The groups that vegetables are divided into for this plan are as follows:
LEAFS are the vegetables with high nitrogen requirements. Many of these vegetables are the ones for which we use the leaves, such as most of the brassica family, spinach, chard, lettuce and most salady greens, mustards, etc. Also included is corn, which has a very large hungry plant, even if what is eaten is the seed or fruit of the plant. We grow all the brassicas here, even if they are used as roots (rutabaga, turnips, radishes) or stems (kohlrabi). Celery would be here, and we include celeriac as well. Leeks do better here than in with the roots, and other onions can be included here if the root section is more crowded than the leaf section - as you see we are making pragmatic exceptions already. We tend to have a lot of room left over in the leaf bed since we don't grow corn and brassicas are limited due to their incompatibility with our soil.
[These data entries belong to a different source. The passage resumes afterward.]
lemma zirreducible_zero_set:
  fixes p :: "'a::{alg_closed_field, field_char_0} poly poly"
  assumes irr: "irreducible p"
  shows "zirreducible (zero_set p)"
  unfolding zirreducible_def
proof (intro conjI allI impI)
  show "zero_set p \<noteq> {}"
    using infinite_zero_set[OF irr] by auto
  fix V W
  assume "zclosed V \<and> zclosed W \<and> zero_set p = V \<union> W"
  moreover have "infinite V \<or> infinite W"
    using calculation infinite_zero_set[OF irr] by auto
  ultimately show "zero_set p = V \<or> zero_set p = W"
    using zclosed_infinite_subset_zero_set[OF irr] by blast
qed auto

definition bidegree_size :: "'a::zero poly poly \<Rightarrow> nat" where
  "bidegree_size f = degree f + degree (lead_coeff f)"

lemma bidegree_size_mult:
  fixes f g :: "'a::field poly poly"
  assumes "f \<noteq> 0" "g \<noteq> 0"
  shows "bidegree_size (f * g) = bidegree_size f + bidegree_size g"
proof -
  have "lead_coeff (f * g) = lead_coeff f * lead_coeff g"
    by (rule lead_coeff_mult)
  moreover have "lead_coeff f \<noteq> 0" "lead_coeff g \<noteq> 0"
    using assms by auto
  ultimately show ?thesis
    using assms by (simp add: bidegree_size_def degree_mult_eq)
qed

lemma is_unit_if_bidegree_size_0:
  fixes f :: "'a::field poly poly"
  assumes "f \<noteq> 0" "bidegree_size f = 0"
  shows "is_unit f"
  using assms by (auto simp: bidegree_size_def is_unit_poly_iff dvd_field_iff elim!: degree_eq_zeroE)
lemmas sdp_lie_axioms =
  der_comm_add_left sdp_vec_br_add_left der_comm_add_right sdp_vec_br_add_right
  der_comm_smul_left sdp_vec_br_smul_left der_comm_smul_right sdp_vec_br_smul_right
  der_comm_self sdp_vec_br_self der_comm_jacobi sdp_vec_br_jacobi

locale sdp_rep =
  fixes X :: "'b set" and Y :: "'a set"
    and D :: "'b \<Rightarrow> ('a, 'k::field) lterm \<Rightarrow> ('a, 'k) lterm" and P :: "'b \<Rightarrow> ('a, 'k) lterm"
  assumes is_der_gen: "e \<in> X \<Longrightarrow> is_der Y (D e)"
    and lwf_gen: "e \<in> X \<Longrightarrow> lwf Y (P e)"
begin

lemma is_der_rep_der: "lwf X s \<Longrightarrow> is_der Y (rep_der D s)"
  by (induction s) (auto intro: is_der_gen is_der_zero is_der_add is_der_smul is_der_comm)

lemma lwf_rep_der [simp]: "lwf X s \<Longrightarrow> lwf Y u \<Longrightarrow> lwf Y (rep_der D s u)"
  using is_derD(1)[OF is_der_rep_der] .

lemma lwf_rep_vec [simp]: "lwf X s \<Longrightarrow> lwf Y (rep_vec D P s)"
  by (induction s) (auto intro: lwf_gen)

theorem rep_eq_if_lie_eq:
  assumes rels: "\<And>s t. (s, t) \<in> R \<Longrightarrow> lwf X s \<Longrightarrow> lwf X t \<Longrightarrow> rep_eq Y D P s t"
    and "lie_eq X R s t"
  shows "rep_eq Y D P s t"
  using assms(2)
proof (induction rule: lie_eq.induct)
  case (rel s t)
  then show ?case by (rule rels)
next
  case (refl s)
  then show ?case by (simp add: rep_eq_def op_eq_refl is_der_rep_der lie_eq.refl)
next
  case (sym s t)
  then show ?case by (simp add: rep_eq_def op_eq_sym lie_eq.sym)
next
  case (trans s t u)
  then show ?case unfolding rep_eq_def by (meson op_eq_trans lie_eq.trans)
next
  case (cong_add s s' t t')
  then show ?case unfolding rep_eq_def op_eq_def by (simp add: lie_eq.cong_add)
next
  case (cong_smul s s' c)
  then show ?case unfolding rep_eq_def op_eq_def by (simp add: lie_eq.cong_smul)
next
  case (cong_br s s' t t')
  have s: "is_der Y (rep_der D s)" and t: "is_der Y (rep_der D t)"
    using cong_br.hyps lie_eq_lwf is_der_rep_der by blast+
  from cong_br.IH show ?case
    unfolding rep_eq_def op_eq_def
    by (simp add: lie_eq.cong_add lie_eq.cong_smul lie_eq.cong_br op_eq_lie_eq[OF s] op_eq_lie_eq[OF t]
        op_eq_def)
qed (auto simp: rep_eq_def op_eq_def algebra_simps is_der_rep_der sdp_lie_axioms
  intro!: lie_eq_by_lcoeffs)

end

lemma triangle_intro:
  "{p, q} \<in> E \<Longrightarrow> {q, r} \<in> E \<Longrightarrow> {p, r} \<in> E \<Longrightarrow> p \<noteq> q \<Longrightarrow> q \<noteq> r \<Longrightarrow> p \<noteq> r \<Longrightarrow>
    triangle E {{p, q}, {q, r}, {p, r}}"
  unfolding triangle_def by (intro conjI exI[of _ p] exI[of _ q] exI[of _ r]) auto

lemma triangleE:
  assumes "triangle E T"
  obtains p q r where "p \<noteq> q" "q \<noteq> r" "p \<noteq> r" "T = {{p, q}, {q, r}, {p, r}}"
    and "{p, q} \<in> E" "{q, r} \<in> E" "{p, r} \<in> E"
proof -
  from assms have "T \<subseteq> E" "\<exists>p q r. p \<noteq> q \<and> q \<noteq> r \<and> p \<noteq> r \<and> T = {{p, q}, {q, r}, {p, r}}"
    unfolding triangle_def by simp_all
  then show thesis using that by (elim exE conjE) simp
qed

lemma triangle_labelling:
  assumes "triangle E {a, b, c}" "a \<noteq> b" "b \<noteq> c" "a \<noteq> c"
  obtains p q r where "p \<noteq> q" "q \<noteq> r" "p \<noteq> r" "a = {p, q}" "b = {q, r}" "c = {p, r}"
proof -
  obtain x y z where xyz: "x \<noteq> y" "y \<noteq> z" "x \<noteq> z" "{a, b, c} = {{x, y}, {y, z}, {x, z}}"
    using assms(1) by (rule triangleE)
  then have "a = {x, y} \<or> a = {y, z} \<or> a = {x, z}" "b = {x, y} \<or> b = {y, z} \<or> b = {x, z}"
    "c = {x, y} \<or> c = {y, z} \<or> c = {x, z}"
    by (metis insertCI insertE singletonD)+
  then consider "a = {x, y}" "b = {y, z}" "c = {x, z}" | "a = {x, y}" "b = {x, z}" "c = {y, z}"
    | "a = {y, z}" "b = {x, y}" "c = {x, z}" | "a = {y, z}" "b = {x, z}" "c = {x, y}"
    | "a = {x, z}" "b = {x, y}" "c = {y, z}" | "a = {x, z}" "b = {y, z}" "c = {x, y}"
    using assms(2-4) by (elim disjE) simp_all
  then show thesis
  proof cases
    case 1 then show ?thesis using xyz by (intro that[of x y z]) simp_all
  next
    case 2 then show ?thesis using xyz by (intro that[of y x z]) (simp_all add: insert_commute)
  next
    case 3 then show ?thesis using xyz by (intro that[of z y x]) (simp_all add: insert_commute)
  next
    case 4 then show ?thesis using xyz by (intro that[of y z x]) (simp_all add: insert_commute)
  next
    case 5 then show ?thesis using xyz by (intro that[of z x y]) (simp_all add: insert_commute)
  next
    case 6 then show ?thesis using xyz by (intro that[of x z y]) (simp_all add: insert_commute)
  qed
qed

lemma holo_rels_commuteI:
  "x \<in> E \<Longrightarrow> y \<in> E \<Longrightarrow> x \<noteq> y \<Longrightarrow> \<not> (\<exists>T. triangle E T \<and> x \<in> T \<and> y \<in> T) \<Longrightarrow>
    (LBr (Gen x) (Gen y), LZero) \<in> holo_rels E"
  unfolding holo_rels_def by (intro UnI1 CollectI exI[of _ x] exI[of _ y]) simp

lemma holo_rels_triangleI:
  "a \<noteq> b \<Longrightarrow> b \<noteq> c \<Longrightarrow> a \<noteq> c \<Longrightarrow> triangle E {a, b, c} \<Longrightarrow>
    (LBr (Gen a) (Gen b), LBr (Gen b) (Gen c)) \<in> holo_rels E"
  unfolding holo_rels_def by (intro UnI1 UnI2 CollectI exI[of _ a] exI[of _ b] exI[of _ c]) simp

lemma holo_relsE:
  assumes "(s, t) \<in> holo_rels E"
  obtains (commute) x y where "s = LBr (Gen x) (Gen y)" "t = LZero" "x \<in> E" "y \<in> E" "x \<noteq> y"
      "\<not> (\<exists>T. triangle E T \<and> x \<in> T \<and> y \<in> T)"
    | (triangle) a b c where "s = LBr (Gen a) (Gen b)" "t = LBr (Gen b) (Gen c)"
      "a \<noteq> b" "b \<noteq> c" "a \<noteq> c" "triangle E {a, b, c}"
  using assms unfolding holo_rels_def Un_iff
proof (elim disjE CollectE exE conjE)
  fix a b c assume "(s, t) = (LBr (Gen b) (Gen c), LBr (Gen c) (Gen a))"
    "a \<noteq> b" "b \<noteq> c" "a \<noteq> c" "triangle E {a, b, c}"
  moreover have "{b, c, a} = {a, b, c}" by auto
  ultimately show thesis using triangle[of b c a] by simp
qed (simp_all add: commute triangle)

lemma holo_rels_mono:
  assumes "E' \<subseteq> E"
    and closed: "\<And>T x y. triangle E T \<Longrightarrow> x \<in> T \<Longrightarrow> y \<in> T \<Longrightarrow> x \<noteq> y \<Longrightarrow> x \<in> E' \<Longrightarrow> y \<in> E' \<Longrightarrow> T \<subseteq> E'"
  shows "holo_rels E' \<subseteq> holo_rels E"
proof
  have triangle_E: "triangle E T" if "triangle E' T" for T
    using that assms(1) unfolding triangle_def by blast
  fix st assume "st \<in> holo_rels E'"
  then obtain s t where st: "st = (s, t)" "(s, t) \<in> holo_rels E'" by (cases st) auto
  from st(2) show "st \<in> holo_rels E"
  proof (cases rule: holo_relsE)
    case (commute x y)
    have "\<not> (\<exists>T. triangle E T \<and> x \<in> T \<and> y \<in> T)"
    proof
      assume "\<exists>T. triangle E T \<and> x \<in> T \<and> y \<in> T"
      then obtain T where T: "triangle E T" "x \<in> T" "y \<in> T" by blast
      then have "T \<subseteq> E'" using closed commute by blast
      then have "triangle E' T" using T(1) unfolding triangle_def by blast
      then show False using T commute by blast
    qed
    then show ?thesis
      unfolding st(1) commute(1,2) using commute(3-5) assms(1) by (intro holo_rels_commuteI) auto
  next
    case (triangle a b c)
    then show ?thesis
      unfolding st(1) triangle(1,2) using triangle(3-6) triangle_E
      by (intro holo_rels_triangleI) auto
  qed
qed

lemma lwf_kill: "lwf X t \<Longrightarrow> lwf (X - V) (kill V t)"
  by (induction t) auto

lemma lie_eq_kill_zero:
  assumes "lwf V s"
  shows "lie_eq X R (kill V s) LZero"
proof (rule lie_eq_if_lcoeff_eq)
  show "lwf X (kill V s)" using lwf_kill[OF assms, of V] by (auto simp: lwf_def)
  have "lcoeff (kill V s) p = 0" for p
    using assms by (induction s arbitrary: p) (auto split: monomial.split)
  then show "lcoeff (kill V s) = lcoeff LZero" by auto
qed simp

section \<open>The star of a vertex with a complete link\<close>

locale clique_link =
  fixes Vs :: "'v set" and E :: "'v set set" and v :: 'v
  assumes graph: "simple_graph Vs E"
    and link_clique: "{v, a} \<in> E \<Longrightarrow> {v, b} \<in> E \<Longrightarrow> a \<noteq> b \<Longrightarrow> {a, b} \<in> E"
begin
Some of the leafs go into and out of the garden fairly quickly; the smaller salady things as well as many oriental vegetables and things like rapini can produce usable material in as little as a month. That allows you to possibly plant some green manures in this section or to use part of it as a targeted compost site (i.e. just pile up your compost in a chosen spot over the summer and dig it in during the autumn.) Of course, you can succession plant instead.
We meet the need for extra nitrogen amongst this group of plants by amending each 8' x 5' section with one wheelbarrow full of either our own compost or composted manure acquired elsewhere, before planting. Our own compost is the cheapest, but maintaining a compost pile sufficient to produce the amount required is a challenge and takes quite a lot of work. When we were first gardening at this site and struggling to bring our soil fertility up from dire to acceptable, we put in very large amounts of composted manure brought in literally by the dump-truck load. Now we can maintain it with our own compost supplemented with bags of manure from the nursery when that runs out.
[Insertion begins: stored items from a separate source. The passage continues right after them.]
lemma set_multI: "h \<in> H \<Longrightarrow> k \<in> K \<Longrightarrow> x = h \<otimes>\<^bsub>G\<^esub> k \<Longrightarrow> x \<in> H <#>\<^bsub>G\<^esub> K"
  unfolding set_mult_def by blast

lemma set_multE:
  assumes "x \<in> H <#>\<^bsub>G\<^esub> K"
  obtains h k where "h \<in> H" "k \<in> K" "x = h \<otimes>\<^bsub>G\<^esub> k"
  using assms unfolding set_mult_def by blast

lemma (in group) normal_Union_chain:
  assumes "\<forall>N\<in>\<C>. N \<lhd> G" and "\<forall>X\<in>\<C>. \<forall>Y\<in>\<C>. X \<subseteq> Y \<or> Y \<subseteq> X" and "\<C> \<noteq> {}"
  shows "\<Union>\<C> \<lhd> G"
proof -
  have sub: "subgroup N G" if "N \<in> \<C>" for N using assms(1) that by (simp add: normal_imp_subgroup)
  have "subgroup (\<Union>\<C>) G"
  proof (rule subgroupI)
    show "\<Union>\<C> \<subseteq> carrier G" using subgroup.subset[OF sub] by blast
    obtain N where "N \<in> \<C>" using assms(3) by blast
    then show "\<Union>\<C> \<noteq> {}" using subgroup.one_closed[OF sub] by blast
  next
    fix a assume "a \<in> \<Union>\<C>"
    then show "inv a \<in> \<Union>\<C>" using subgroup.m_inv_closed[OF sub] by blast
  next
    fix a b assume "a \<in> \<Union>\<C>" "b \<in> \<Union>\<C>"
    then obtain A B where AB: "A \<in> \<C>" "a \<in> A" "B \<in> \<C>" "b \<in> B" by blast
    then obtain C where "C \<in> \<C>" "a \<in> C" "b \<in> C" using assms(2) by blast
    then show "a \<otimes> b \<in> \<Union>\<C>" using subgroup.m_closed[OF sub] by blast
  qed
  moreover have "x \<otimes> h \<otimes> inv x \<in> \<Union>\<C>" if x: "x \<in> carrier G" and h: "h \<in> \<Union>\<C>" for x h
  proof -
    obtain N where "N \<in> \<C>" "h \<in> N" using h by blast
    then show ?thesis using normal.inv_op_closed2[OF _ x] assms(1) by blast
  qed
  ultimately show ?thesis by (simp add: normal_inv_iff)
qed

lemma (in group) normal_Inter:
  assumes "\<forall>N\<in>\<C>. N \<lhd> G" and "\<C> \<noteq> {}"
  shows "\<Inter>\<C> \<lhd> G"
proof -
  have "subgroup (\<Inter>\<C>) G"
    using assms by (intro subgroups_Inter) (auto simp: normal_imp_subgroup)
  moreover have "x \<otimes> h \<otimes> inv x \<in> \<Inter>\<C>" if "x \<in> carrier G" "h \<in> \<Inter>\<C>" for x h
    using normal.inv_op_closed2[OF _ that(1)] assms(1) that(2) by blast
  ultimately show ?thesis by (simp add: normal_inv_iff)
qed
lemma det_catalan_coeff_mat: "det (catalan_coeff_mat n) = (\<Prod>i<n. fact (i + n) / fact (2 * i))"
proof -
  \<comment> \<open>At these points \<open>p\<^sub>j\<close> vanishes below the diagonal.\<close>
  define x :: "nat \<Rightarrow> rat" where "x k = - of_nat (Suc k)" for k
  define M where "M = mat n n (\<lambda>(k, j). poly (catalan_poly n j) (x k))"
  have "poly (catalan_poly n j) (x k) = 0" if "j < k" "k < n" for j k
    unfolding x_def using that by (rule poly_catalan_poly_neg_below)
  then have "upper_triangular M"
    by (auto simp: upper_triangular_def M_def)
  then have "det M = (\<Prod>j<n. poly (catalan_poly n j) (x j))"
    by (subst det_upper_triangular[of _ n]) (auto simp: M_def prod_list_diag_prod atLeast0LessThan)
  also have "\<dots> = (\<Prod>j<n. (-1) ^ j * (fact (2 * j + 1) / fact j) * fact (n - Suc j))"
    unfolding x_def poly_catalan_poly_neg_diag ..
  also have "\<dots> = (\<Prod>j<n. (-1) ^ j * (fact (2 * j + 1) / fact j)) * (\<Prod>j<n. fact (n - Suc j))"
    by (simp only: prod.distrib)
  also have "(\<Prod>j<n. fact (n - Suc j)) = (\<Prod>j<n. fact j :: rat)"
    by (rule prod.nat_diff_reindex)
  also have "(\<Prod>j<n. (-1) ^ j * (fact (2 * j + 1) / fact j)) * (\<Prod>j<n. fact j)
      = (\<Prod>j<n. (-1) ^ j * fact j) * (\<Prod>j<n. fact (2 * j + 1) / fact j :: rat)"
    by (simp only: prod.distrib mult_ac)
  finally have det_M: "det M = (\<Prod>j<n. (-1) ^ j * fact j) * (\<Prod>j<n. fact (2 * j + 1) / fact j)" .
  have "vandermonde n x = (\<Prod>j<n. (-1) ^ j * fact j)"
    unfolding vandermonde_def x_def by (simp add: prod_of_nat_minus_self)
  moreover have "det M = vandermonde n x * det (catalan_coeff_mat n)"
    unfolding M_def by (rule det_catalan_poly_eval_mat)
  ultimately have "det (catalan_coeff_mat n) = (\<Prod>j<n. fact (2 * j + 1) / fact j)"
    using det_M by simp
  also have "\<dots> = (\<Prod>i<n. fact (i + n) / fact (2 * i))"
    by (rule prod_fact_odd_div_fact)
  finally show ?thesis .
qed

lemma det_catalan_shifted_mat:
  "det (mat n n (\<lambda>(i, j). catalan (a i + j)))
    = (\<Prod>i<n. catalan_weight n (a i)) * vandermonde n (\<lambda>i. of_nat (a i))
      * (\<Prod>i<n. fact (i + n) / fact (2 * i))"
proof -
  have "mat n n (\<lambda>(i, j). catalan (a i + j))
      = mat n n (\<lambda>(i, j). if i = j then catalan_weight n (a i) else 0)
        * mat n n (\<lambda>(k, j). poly (catalan_poly n j) (of_nat (a k)))"
    by (subst diagonal_mat_mult) (auto intro!: eq_matI simp: catalan_eq_weight_poly)
  then show ?thesis
    by (simp add: det_mult[of _ n] det_diagonal_mat det_catalan_poly_eval_mat det_catalan_coeff_mat)
qed

theorem corollary5:
  fixes n :: nat and \<alpha> :: "nat \<Rightarrow> nat"
  assumes "n \<ge> 1"
  shows "det (mat n n (\<lambda>(i, j). catalan (\<alpha> i + j) + catalan (\<alpha> (i + 1) + j)))
    = (\<Prod>i<n. fact (i + n) / fact (2 * i))
      * (\<Prod>i\<le>n. fact (2 * \<alpha> i) / (fact (\<alpha> i) * fact (\<alpha> i + n)))
      * (\<Sum>s\<le>n. (\<Prod>j\<in>{..n} - {s}. \<Prod>i\<in>{..<j} - {s}. (of_nat (\<alpha> j) - of_nat (\<alpha> i)))
                   * (fact (\<alpha> s) * fact (\<alpha> s + n) / fact (2 * \<alpha> s)))"
  \<comment> \<open>The identity also holds for \<open>n = 0\<close> (both sides are 1).\<close>
proof -
  define c where "c = (\<Prod>i<n. fact (i + n) / fact (2 * i) :: rat)"
  define W where "W = (\<Prod>i\<le>n. catalan_weight n (\<alpha> i))"
  define V where "V s = (\<Prod>j\<in>{..n} - {s}. \<Prod>i\<in>{..<j} - {s}. (of_nat (\<alpha> j) - of_nat (\<alpha> i) :: rat))" for s
  have minor: "det (mat n n (\<lambda>(i, j). catalan (\<alpha> (insert_index s i) + j)))
      = c * W * (V s / catalan_weight n (\<alpha> s))" if "s \<le> n" for s
  proof -
    have "W = catalan_weight n (\<alpha> s) * (\<Prod>i\<in>{..n} - {s}. catalan_weight n (\<alpha> i))"
      unfolding W_def using that by (simp add: prod.remove)
    moreover have "catalan_weight n (\<alpha> s) \<noteq> 0"
      by (simp add: catalan_weight_def)
    ultimately show ?thesis
      using that prod_insert_index[OF that, of "\<lambda>i. catalan_weight n (\<alpha> i)"]
        vandermonde_insert_index[OF that, of "\<lambda>i. of_nat (\<alpha> i) :: rat"]
      by (simp add: det_catalan_shifted_mat c_def V_def)
  qed
  have "det (mat n n (\<lambda>(i, j). catalan (\<alpha> i + j) + catalan (\<alpha> (i + 1) + j)))
      = (\<Sum>s\<le>n. c * W * (V s / catalan_weight n (\<alpha> s)))"
    using det_adjacent_row_sums[of n "\<lambda>i j. catalan (\<alpha> i + j)"] minor by simp
  then show ?thesis
    by (simp add: sum_distrib_left c_def W_def V_def catalan_weight_def)
qed

end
We target the brassica beds in particular with other nutrients. We add a little dolomitic lime to those beds as well as borax. The first helps raise the pH of our soil (lower the acidity) and the second helps with a suspected boron deficiency. Also as the season progresses, the leaf section is most likely to be treated with foliar spray fertilizers. We prefer organic ones based on fish, seaweeds, and molasses. (As you may suppose, such spraying sessions are immediately followed by laundry and bathing sessions... yeeeeeah. And we don't do it right before harvests - there would be no point since they wouldn't have time to do anything anyway.) Periodic dustings with food-grade diatomacious earth are of some use against leaf-munching insect pests.
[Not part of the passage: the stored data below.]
lemma sign_vec_lit_var:
  "lit_ok n l \<Longrightarrow> sign_vec n a (lit_var n l) = (if lit_true a l then 1 else -1)"
  by (auto simp: sign_vec_def lit_ok_def lit_var_def lit_true_def)

lemma sign_vec_square [simp]: "(sign_vec n a j) ^ 2 = 1"
  by (simp add: sign_vec_def)

lemma sign_vec_bounds: "-1 \<le> (sign_vec n a j :: real) \<and> (sign_vec n a j :: real) \<le> 1"
  by (simp add: sign_vec_def)

lemma feasible_S_sign_vec:
  fixes \<gamma> \<Delta> s y1 y2 :: real
  assumes clauses: "\<forall>(l1, l2, l3) \<in> set cls.
      -1 - \<Delta> \<le> sign_vec n a (lit_var n l1) + sign_vec n a (lit_var n l2) + sign_vec n a (lit_var n l3)"
    and "0 \<le> \<gamma>" "0 \<le> \<Delta>" "\<Delta> \<le> 2" "\<Delta> + \<gamma> / 2 \<le> 2" "in_R \<gamma> y1 y2" "in_D n s d"
    and "h y1 y2 \<le> s"
  shows "feasible_S n cls (sign_vec n a) \<gamma> \<Delta> s y1 y2 d"
proof -
  have "(\<Sum>j = 1..n. (sign_vec n a j :: real) ^ 2) = real n" by simp
  moreover have "(real n) ^ 6 = (real n) ^ 5 * real n" by (simp flip: power_Suc2)
  ultimately show ?thesis
    unfolding feasible_S_def
    using assms sign_vec_complement[where 'a = real] sign_vec_bounds by simp
qed

lemma feasible_Q_exists:
  assumes "1 \<le> n"
  shows "\<exists>x \<gamma> \<Delta> s y1 y2 d. feasible_Q n cls x \<gamma> \<Delta> s y1 y2 d"
proof -
  define s :: real where "s = (1/2) ^ 2 ^ n"
  have "0 < s" "s \<le> 1" by (simp_all add: s_def power_le_one)
  obtain y where "y \<in> \<rat>" and y: "1.2598 \<le> y" "y \<le> 1.26" "\<bar>y ^ 3 - 2\<bar> \<le> s"
    using rat_cube_root_two_approx[OF \<open>0 < s\<close>] by blast
  then obtain q where q: "y = of_rat q" using Rats_cases by blast
  have "h y (y ^ 2) = \<bar>y ^ 3 - 2\<bar> * \<bar>y ^ 3 - 2\<bar>"
    using h_sum_of_squares[of y y] by (simp add: power2_eq_square)
  also have "\<dots> \<le> s * 1" using y \<open>s \<le> 1\<close> by (intro mult_mono) auto
  finally have "h y (y ^ 2) \<le> s" by simp
  moreover have "1.2598 ^ 2 \<le> y ^ 2" "y ^ 2 \<le> 1.26 ^ 2" using y by (auto intro: power_mono)
  then have "in_R 0 y (y ^ 2)" using y unfolding in_R_def by (simp add: power2_eq_square)
  moreover have "in_D n s (\<lambda>k. (1/2) ^ 2 ^ (k - 1))" using in_D_double_exp[OF assms] s_def by simp
  moreover have "-1 - 2 \<le> sign_vec n a i + sign_vec n a j + (sign_vec n a k :: real)" for a i j k
    using sign_vec_bounds[of n a i] sign_vec_bounds[of n a j] sign_vec_bounds[of n a k] by simp
  ultimately have "feasible_S n cls (sign_vec n (\<lambda>_. True)) 0 2 s y (y ^ 2) (\<lambda>k. (1/2) ^ 2 ^ (k - 1))"
    by (intro feasible_S_sign_vec) auto
  then have "feasible_Q n cls (sign_vec n (\<lambda>_. True)) 0 2 ((1/2) ^ 2 ^ n) q (q ^ 2)
      (\<lambda>k. (1/2) ^ 2 ^ (k - 1))"
    unfolding feasible_Q_def s_def q by (simp add: of_rat_power of_rat_divide)
  then show ?thesis by blast
qed

lemma feasible_Q_short_of_satisfiable:
  assumes "instance_ok n cls" "satisfiable cls"
  shows "\<exists>x \<gamma> \<Delta> s y1 y2 d. feasible_Q n cls x \<gamma> \<Delta> s y1 y2 d \<and>
    sol_size n x \<gamma> \<Delta> s y1 y2 d = 2 * n + (rat_size 4 + rat_size (-27/10) + rat_size (159/100))"
proof -
  obtain a where a: "\<forall>(l1, l2, l3) \<in> set cls. lit_true a l1 \<or> lit_true a l2 \<or> lit_true a l3"
    using assms(2) unfolding satisfiable_def by blast
  have "-1 \<le> sign_vec n a (lit_var n l1) + sign_vec n a (lit_var n l2) + (sign_vec n a (lit_var n l3) :: real)"
    if "(l1, l2, l3) \<in> set cls" for l1 l2 l3
  proof -
    have "lit_ok n l1" "lit_ok n l2" "lit_ok n l3" using assms(1) that unfolding instance_ok_def by auto
    with a that show ?thesis by (auto simp: sign_vec_lit_var)
  qed
  moreover have "h (-27/10) (159/100) \<le> 0" by (simp add: h_def power3_eq_cube)
  moreover have "in_R 4 (-27/10) (159/100)" by (simp add: in_R_def)
  moreover have "in_D n 0 (\<lambda>_. 0)" by (simp add: in_D_def)
  ultimately have "feasible_S n cls (sign_vec n a) 4 0 0 (-27/10) (159/100) (\<lambda>_. 0)"
    by (intro feasible_S_sign_vec) auto
  then have "feasible_Q n cls (sign_vec n a) 4 0 0 (-27/10) (159/100) (\<lambda>_. 0)"
    unfolding feasible_Q_def by (simp add: of_rat_minus of_rat_divide)
  moreover have "rat_size (sign_vec n a j) = 1" for j
    by (simp add: sign_vec_def rat_size_simps)
  then have "sol_size n (sign_vec n a) 4 0 0 (-27/10) (159/100) (\<lambda>_. 0)
      = 2 * n + (rat_size 4 + rat_size (-27/10) + rat_size (159/100))"
    unfolding sol_size_def by (simp add: rat_size_simps)
  ultimately show ?thesis by blast
qed

lemma lit_var_le_of_not_lit_true:
  fixes x :: "nat \<Rightarrow> real"
  assumes "lit_ok n l" "\<not> lit_true (\<lambda>j. 0 < x j) l"
    and "\<forall>j \<in> {1..n}. c \<le> \<bar>x j\<bar>" "\<forall>j \<in> {1..n}. x j + x (n + j) = 0"
  shows "x (lit_var n l) \<le> - c"
proof -
  obtain j b where l: "l = (j, b)" by (cases l)
  with assms have "c \<le> \<bar>x j\<bar>" "x j + x (n + j) = 0" by (auto simp: lit_ok_def)
  then show ?thesis using assms(2) l by (cases b) (auto simp: lit_var_def lit_true_def)
qed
FRUITS: are the vegetables where the seed bearing parts of the plant are eaten, with the exception of legumes which will form their own group, and corn which, as already mentioned, goes in with the leafs. Squash, melons, cucumbers, tomatoes, peppers, and eggplants are the main vegetables in this category. These will be planted where the leaf plants were in the previous season.
They need some nitrogen as most of them form fairly substantial plants, but too much will develop green leafy growth at the expense of the fruit. They also vary in their needs; squash and melons can have fairly substantial nitrogen requirements but peppers may not need very much at all. They all do need a certain amount of phosphorus. This should be remaining in the soil to an adequate degree from the amendment with compost made last year when leafs occupied these beds, but we generally add a little bone meal to make sure.
Since the fruit plants that need the most nitrogen are generally the largest, and are well spaced apart, it is easy to supply a little compost into the planting hole when they go into the ground. Just a little though! A handful to small shovelful will do, scaled to the plants' expected final size.
We used to put a little bone meal in the planting hole with the extra compost, but bone meal is attractive to certain animals (skunks? raccoons? we haven't caught them in the act so are not quite sure) but we may be sure that they are very inclined to pull up any plants that have bonemeal at the roots. It's better to sprinkle bone meal over the bed to be planted a week to a few days before planting and rake it in well to foil these pests. They will likely still come and root around for it but if it is well mixed in and the plants not yet in the ground, little damage will be done.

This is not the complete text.